Hi folks still here !! we are thinking of touring Italy this year in October after we finish work for the season, could you tell me if its mandatory to carry snow chains ?? We only plan to be there for a month tops ?? also has the breathalisers come back for france as in do we have to carry them ?? I thought we did nt have to ?? sorry for all the questions.....


----------



## bognormike (May 10, 2005)

Hi there

As far as I know, snow chains not required at that time of year, and as for breathalysers in France, Don't bother! (See recent posts in France touring! )


----------



## WildThingsKev (Dec 29, 2009)

The requirements for snow chains or winter tyres varies a lot depending on where you are and how big the hill/mountain you are driving up is. You will find roadside signs as you start climbing, I think the earliest I've seen is mid Oct but that was in the Alps. Most further south were Nov or Dec. I don't think you need them in any lowland areas.

Kev


----------



## rayrecrok (Nov 21, 2008)

Hi Dee.

I wouldn't think you would need snow chains but it all depends where you are going, anything weatherwise can happen if you are travelling through mountains, I always have a set chucked in the garage just in case, but M&S tyres always seem to work for me so never used snow chains in anger, as far as mandatory I don't know.

French breathalysers, forget them, no one is bothered..

Hope to see you both down the road again somewhere. 

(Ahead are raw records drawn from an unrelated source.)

(* Let $(\mathcal{A},\mu,\alpha)$ be a Hom-flexible superalgebra and $\mathcal{A}^-=(\mathcal{A},[-,-],\alpha)$ with $[x,y]=xy-(-1)^{|x||y|}yx$. Then $\widetilde{J}_{\mathcal{A}^-}=2S_{\mathcal{A}}$, i.e. for all homogeneous $x,y,z$, $[[x,y],\alpha(z)]-[\alpha(x),[y,z]]-(-1)^{|y||z|}[[x,z],\alpha(y)]=2\big(\widetilde{as}(x,y,z)+(-1)^{|x|(|y|+|z|)}\widetilde{as}(y,z,x)+(-1)^{|z|(|x|+|y|)}\widetilde{as}(z,x,y)\big)$.
   Context: $\mathcal{A}=\mathcal{A}_0\oplus\mathcal{A}_1$ is a $\mathbb{Z}_2$-graded vector space over an algebraically closed field $\mathbb{K}$ of characteristic $0$; $|x|$ is the parity of homogeneous $x$; $\mu(x,y)=xy$ is even bilinear and $\alpha$ even linear. $\widetilde{as}(x,y,z)=(xy)\alpha(z)-\alpha(x)(yz)$. A Hom-flexible superalgebra is a triple $(\mathcal{A},\mu,\alpha)$ with $\widetilde{as}(x,y,z)+(-1)^{|x||y|+|x||z|+|y||z|}\widetilde{as}(z,y,x)=0$ for all homogeneous $x,y,z$. $S_{\mathcal{A}}$ denotes the cyclic Hom-associator $S_{\mathcal{A}}(x,y,z)=\widetilde{as}(x,y,z)+(-1)^{|x|(|y|+|z|)}\widetilde{as}(y,z,x)+(-1)^{|z|(|x|+|y|)}\widetilde{as}(z,x,y)$. *)

theory Defs
  imports Main "HOL-Computational_Algebra.Polynomial"
begin

definition alg_closed :: "'k::field itself \<Rightarrow> bool" where
  "alg_closed _ \<longleftrightarrow> (\<forall>p :: 'k poly. degree p > 0 \<longrightarrow> (\<exists>x. poly p x = 0))"

definition gr :: "'v set \<Rightarrow> 'v set \<Rightarrow> nat \<Rightarrow> 'v set" where
  "gr A0 A1 i = (if even i then A0 else A1)"

definition homog :: "'v set \<Rightarrow> 'v set \<Rightarrow> 'v \<Rightarrow> bool" where
  "homog A0 A1 x \<longleftrightarrow> x \<in> A0 \<or> x \<in> A1"

text \<open>Parity |x| of a homogeneous element (0 if even, 1 otherwise; the zero vector gets 0).\<close>
definition par :: "'v set \<Rightarrow> 'v \<Rightarrow> nat" where
  "par A0 x = (if x \<in> A0 then 0 else 1)"

definition sg :: "nat \<Rightarrow> 'v::ab_group_add \<Rightarrow> 'v" where
  "sg n v = (if even n then v else - v)"

definition Z2_graded :: "('k::field \<Rightarrow> 'v::ab_group_add \<Rightarrow> 'v) \<Rightarrow> 'v set \<Rightarrow> 'v set \<Rightarrow> bool" where
  "Z2_graded scale A0 A1 \<longleftrightarrow> vector_space scale \<and> module.subspace scale A0 \<and> module.subspace scale A1
     \<and> A0 \<inter> A1 = {0} \<and> (\<forall>v. \<exists>a\<in>A0. \<exists>b\<in>A1. v = a + b)"

definition even_bilinear :: "('k::field \<Rightarrow> 'v::ab_group_add \<Rightarrow> 'v) \<Rightarrow> 'v set \<Rightarrow> 'v set \<Rightarrow> ('v \<Rightarrow> 'v \<Rightarrow> 'v) \<Rightarrow> bool" where
  "even_bilinear scale A0 A1 m \<longleftrightarrow>
     (\<forall>x. Vector_Spaces.linear scale scale (m x)) \<and> (\<forall>y. Vector_Spaces.linear scale scale (\<lambda>x. m x y))
     \<and> (\<forall>i j x y. x \<in> gr A0 A1 i \<and> y \<in> gr A0 A1 j \<longrightarrow> m x y \<in> gr A0 A1 (i + j))"

definition even_linear :: "('k::field \<Rightarrow> 'v::ab_group_add \<Rightarrow> 'v) \<Rightarrow> 'v set \<Rightarrow> 'v set \<Rightarrow> ('v \<Rightarrow> 'v) \<Rightarrow> bool" where
  "even_linear scale A0 A1 f \<longleftrightarrow> Vector_Spaces.linear scale scale f
     \<and> (\<forall>i x. x \<in> gr A0 A1 i \<longrightarrow> f x \<in> gr A0 A1 i)"

definition hom_as :: "('v \<Rightarrow> 'v \<Rightarrow> 'v) \<Rightarrow> ('v \<Rightarrow> 'v) \<Rightarrow> 'v \<Rightarrow> 'v \<Rightarrow> 'v \<Rightarrow> 'v::ab_group_add" where
  "hom_as m \<alpha> x y z = m (m x y) (\<alpha> z) - m (\<alpha> x) (m y z)"

definition hom_flexible_super ::
  "('k::field \<Rightarrow> 'v::ab_group_add \<Rightarrow> 'v) \<Rightarrow> 'v set \<Rightarrow> 'v set \<Rightarrow> ('v \<Rightarrow> 'v \<Rightarrow> 'v) \<Rightarrow> ('v \<Rightarrow> 'v) \<Rightarrow> bool" where
  "hom_flexible_super scale A0 A1 m \<alpha> \<longleftrightarrow>
     Z2_graded scale A0 A1 \<and> even_bilinear scale A0 A1 m \<and> even_linear scale A0 A1 \<alpha>
     \<and> (\<forall>x y z. homog A0 A1 x \<and> homog A0 A1 y \<and> homog A0 A1 z \<longrightarrow>
          hom_as m \<alpha> x y z
          + sg (par A0 x * par A0 y + par A0 x * par A0 z + par A0 y * par A0 z) (hom_as m \<alpha> z y x) = 0)"

definition scomm :: "'v set \<Rightarrow> ('v \<Rightarrow> 'v \<Rightarrow> 'v) \<Rightarrow> 'v \<Rightarrow> 'v \<Rightarrow> 'v::ab_group_add" where
  "scomm A0 m x y = m x y - sg (par A0 x * par A0 y) (m y x)"

definition cyc_as :: "'v set \<Rightarrow> ('v \<Rightarrow> 'v \<Rightarrow> 'v) \<Rightarrow> ('v \<Rightarrow> 'v) \<Rightarrow> 'v \<Rightarrow> 'v \<Rightarrow> 'v \<Rightarrow> 'v::ab_group_add" where
  "cyc_as A0 m \<alpha> x y z = hom_as m \<alpha> x y z
     + sg (par A0 x * (par A0 y + par A0 z)) (hom_as m \<alpha> y z x)
     + sg (par A0 z * (par A0 x + par A0 y)) (hom_as m \<alpha> z x y)"

end

theory Submission
  imports Defs
begin

text \<open>Expanding the three super-commutators by bilinearity writes the super-Jacobiator
as a signed sum of the six Hom-associators of x, y, z in all orders. Super
Hom-flexibility identifies the associator of a reversed triple with the original one
up to a sign, so the three "odd" permutations contribute exactly a second copy of the
three cyclic ones, which yields 2 S.\<close>

lemma sg_sg [simp]: "sg n (sg n v) = v"
  by (simp add: sg_def)

lemma sg_minus: "sg n (- v) = - sg n v"
  by (simp add: sg_def)

lemma par_cases: "par A0 x = 0 \<or> par A0 x = 1"
  by (simp add: par_def)

lemma homog_in_gr_par: "homog A0 A1 x \<Longrightarrow> x \<in> gr A0 A1 (par A0 x)"
  by (auto simp: homog_def gr_def par_def)

lemma even_par_iff:
  assumes "A0 \<inter> A1 = {0}" "u \<in> gr A0 A1 i" "u \<noteq> 0"
  shows "even (par A0 u) \<longleftrightarrow> even i"
  using assms unfolding gr_def par_def by (cases "even i") auto

locale hom_flexible_superalgebra =
  fixes scale :: "'k::field \<Rightarrow> 'v::ab_group_add \<Rightarrow> 'v"
    and A0 A1 :: "'v set" and m :: "'v \<Rightarrow> 'v \<Rightarrow> 'v" and \<alpha> :: "'v \<Rightarrow> 'v"
  assumes hom_flexible_super: "hom_flexible_super scale A0 A1 m \<alpha>"
begin

lemma graded: "Z2_graded scale A0 A1"
  and mult_even_bilinear: "even_bilinear scale A0 A1 m"
  and alpha_even_linear: "even_linear scale A0 A1 \<alpha>"
  using hom_flexible_super by (simp_all add: hom_flexible_super_def)

lemma graded_trivial_intersection: "A0 \<inter> A1 = {0}"
  using graded by (simp add: Z2_graded_def)

lemma flexible:
  "\<lbrakk>homog A0 A1 x; homog A0 A1 y; homog A0 A1 z\<rbrakk> \<Longrightarrow>
    hom_as m \<alpha> x y z
    + sg (par A0 x * par A0 y + par A0 x * par A0 z + par A0 y * par A0 z) (hom_as m \<alpha> z y x) = 0"
  using hom_flexible_super by (simp add: hom_flexible_super_def)

lemma hom_as_reverse:
  assumes "homog A0 A1 x" "homog A0 A1 y" "homog A0 A1 z"
  shows "hom_as m \<alpha> z y x
    = - sg (par A0 x * par A0 y + par A0 x * par A0 z + par A0 y * par A0 z) (hom_as m \<alpha> x y z)"
  (is "_ = - sg ?e _")
proof -
  have "sg ?e (hom_as m \<alpha> z y x) = - hom_as m \<alpha> x y z"
    using flexible[OF assms] by (simp add: eq_neg_iff_add_eq_0 add.commute)
  then show ?thesis
    by (metis sg_sg sg_minus)
qed

lemma mult_module_hom_left: "module_hom scale scale (\<lambda>v. m v u)"
  and mult_module_hom_right: "module_hom scale scale (m u)"
  using mult_even_bilinear by (simp_all add: even_bilinear_def linear_iff_module_hom)

lemma mult_zero_left [simp]: "m 0 u = 0"
  and mult_minus_left [simp]: "m (- v) u = - m v u"
  and mult_diff_left: "m (v - w) u = m v u - m w u"
  using module_hom.zero[OF mult_module_hom_left] module_hom.neg[OF mult_module_hom_left]
    module_hom.diff[OF mult_module_hom_left] by simp_all

lemma mult_zero_right [simp]: "m u 0 = 0"
  and mult_minus_right [simp]: "m u (- v) = - m u v"
  and mult_diff_right: "m u (v - w) = m u v - m u w"
  using module_hom.zero[OF mult_module_hom_right] module_hom.neg[OF mult_module_hom_right]
    module_hom.diff[OF mult_module_hom_right] by simp_all

lemma mult_sg_left: "m (sg n v) u = sg n (m v u)"
  and mult_sg_right: "m u (sg n v) = sg n (m u v)"
  by (simp_all add: sg_def)

lemma mult_gr: "u \<in> gr A0 A1 i \<Longrightarrow> v \<in> gr A0 A1 j \<Longrightarrow> m u v \<in> gr A0 A1 (i + j)"
  using mult_even_bilinear by (simp add: even_bilinear_def)

lemma alpha_gr: "u \<in> gr A0 A1 i \<Longrightarrow> \<alpha> u \<in> gr A0 A1 i"
  using alpha_even_linear by (simp add: even_linear_def)

lemma gr_diff_sg:
  assumes "u \<in> gr A0 A1 i" "v \<in> gr A0 A1 i"
  shows "u - sg n v \<in> gr A0 A1 i"
proof -
  have M: "module scale"
    using graded by (simp add: Z2_graded_def module_iff_vector_space)
  have "module.subspace scale (gr A0 A1 i)"
    using graded by (simp add: Z2_graded_def gr_def)
  then show ?thesis
    using assms module.subspace_diff[OF M] module.subspace_add[OF M] module.subspace_neg[OF M]
    by (auto simp: sg_def)
qed

text \<open>The sign of a super-commutator may be read off from the degrees of its arguments,
even though par assigns the zero vector the even parity.\<close>
lemma scomm_eq:
  assumes "u \<in> gr A0 A1 i" "v \<in> gr A0 A1 j"
  shows "scomm A0 m u v = m u v - sg (i * j) (m v u)"
proof (cases "u = 0 \<or> v = 0")
  case True
  then show ?thesis by (auto simp: scomm_def sg_def)
next
  case False
  then show ?thesis
    using assms even_par_iff[OF graded_trivial_intersection]
    by (simp add: scomm_def sg_def)
qed

lemma scomm_gr:
  assumes "u \<in> gr A0 A1 i" "v \<in> gr A0 A1 j"
  shows "scomm A0 m u v \<in> gr A0 A1 (i + j)"
  using gr_diff_sg[OF mult_gr[OF assms], of "m v u"] mult_gr[OF assms(2,1)]
  by (simp add: scomm_eq[OF assms] add.commute)

lemma super_jacobiator_expansion:
  assumes "homog A0 A1 x" "homog A0 A1 y" "homog A0 A1 z"
  defines "a \<equiv> par A0 x" and "b \<equiv> par A0 y" and "c \<equiv> par A0 z"
  shows "scomm A0 m (scomm A0 m x y) (\<alpha> z) - scomm A0 m (\<alpha> x) (scomm A0 m y z)
           - sg (b * c) (scomm A0 m (scomm A0 m x z) (\<alpha> y))
         = hom_as m \<alpha> x y z + sg (a * (b + c)) (hom_as m \<alpha> y z x)
           + sg (c * (a + b)) (hom_as m \<alpha> z x y)
           - sg (a * b) (hom_as m \<alpha> y x z) - sg (b * c) (hom_as m \<alpha> x z y)
           - sg (a * b + a * c + b * c) (hom_as m \<alpha> z y x)"
proof -
  have x: "x \<in> gr A0 A1 a" and y: "y \<in> gr A0 A1 b" and z: "z \<in> gr A0 A1 c"
    using assms homog_in_gr_par by simp_all
  have "scomm A0 m (scomm A0 m x y) (\<alpha> z)
      = m (m x y - sg (a * b) (m y x)) (\<alpha> z) - sg ((a + b) * c) (m (\<alpha> z) (m x y - sg (a * b) (m y x)))"
    using scomm_eq[OF scomm_gr[OF x y] alpha_gr[OF z]] scomm_eq[OF x y] by simp
  moreover have "scomm A0 m (\<alpha> x) (scomm A0 m y z)
      = m (\<alpha> x) (m y z - sg (b * c) (m z y)) - sg (a * (b + c)) (m (m y z - sg (b * c) (m z y)) (\<alpha> x))"
    using scomm_eq[OF alpha_gr[OF x] scomm_gr[OF y z]] scomm_eq[OF y z] by simp
  moreover have "scomm A0 m (scomm A0 m x z) (\<alpha> y)
      = m (m x z - sg (a * c) (m z x)) (\<alpha> y) - sg ((a + c) * b) (m (\<alpha> y) (m x z - sg (a * c) (m z x)))"
    using scomm_eq[OF scomm_gr[OF x z] alpha_gr[OF y]] scomm_eq[OF x z] by simp
  moreover have "a = 0 \<or> a = 1" "b = 0 \<or> b = 1" "c = 0 \<or> c = 1"
    unfolding a_def b_def c_def by (rule par_cases)+
  ultimately show ?thesis
    unfolding hom_as_def
    by (simp only: mult_diff_left mult_diff_right mult_sg_left mult_sg_right)
      (elim disjE; simp add: sg_def algebra_simps)
qed

theorem super_jacobiator_eq_twice_cyc_as:
  assumes "homog A0 A1 x" "homog A0 A1 y" "homog A0 A1 z"
  shows "scomm A0 m (scomm A0 m x y) (\<alpha> z) - scomm A0 m (\<alpha> x) (scomm A0 m y z)
           - sg (par A0 y * par A0 z) (scomm A0 m (scomm A0 m x z) (\<alpha> y))
         = cyc_as A0 m \<alpha> x y z + cyc_as A0 m \<alpha> x y z"
proof -
  have "hom_as m \<alpha> y x z
      = - sg (par A0 x * par A0 y + par A0 x * par A0 z + par A0 y * par A0 z) (hom_as m \<alpha> z x y)"
    using hom_as_reverse[OF assms(3,1,2)] by (simp add: algebra_simps)
  moreover have "hom_as m \<alpha> x z y
      = - sg (par A0 x * par A0 y + par A0 x * par A0 z + par A0 y * par A0 z) (hom_as m \<alpha> y z x)"
    using hom_as_reverse[OF assms(2,3,1)] by (simp add: algebra_simps)
  moreover note hom_as_reverse[OF assms]
  moreover have "par A0 x = 0 \<or> par A0 x = 1" "par A0 y = 0 \<or> par A0 y = 1"
    "par A0 z = 0 \<or> par A0 z = 1"
    by (rule par_cases)+
  ultimately show ?thesis
    unfolding super_jacobiator_expansion[OF assms] cyc_as_def
    by (elim disjE; simp add: sg_def)
qed

end

theorem mainTheorem18:
  fixes scale :: "'k::field_char_0 \<Rightarrow> 'v::ab_group_add \<Rightarrow> 'v"
    and A0 A1 :: "'v set" and m :: "'v \<Rightarrow> 'v \<Rightarrow> 'v" and \<alpha> :: "'v \<Rightarrow> 'v"
  assumes "alg_closed TYPE('k)"
    and "hom_flexible_super scale A0 A1 m \<alpha>"
    and "homog A0 A1 x" and "homog A0 A1 y" and "homog A0 A1 z"
  shows "scomm A0 m (scomm A0 m x y) (\<alpha> z) - scomm A0 m (\<alpha> x) (scomm A0 m y z)
           - sg (par A0 y * par A0 z) (scomm A0 m (scomm A0 m x z) (\<alpha> y))
         = cyc_as A0 m \<alpha> x y z + cyc_as A0 m \<alpha> x y z"
proof -
  interpret hom_flexible_superalgebra scale A0 A1 m \<alpha>
    using assms(2) by unfold_locales
  show ?thesis
    using super_jacobiator_eq_twice_cyc_as[OF assms(3-5)] .
qed

end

Love ray sandra and now jesse..


----------



## peaky (Jul 15, 2009)

Hi all thankyou for the replies so far, we were thinking lake garda area to start and then see how it goes/weather wise, I only mentioned the breatherlisers as I was reading a recent MMM magazine which they were advising someone to carry them , thought id missed their come back some how but in this case NOT .Ray hope to meet on our travels again , love to Sandra and now jesse xx


----------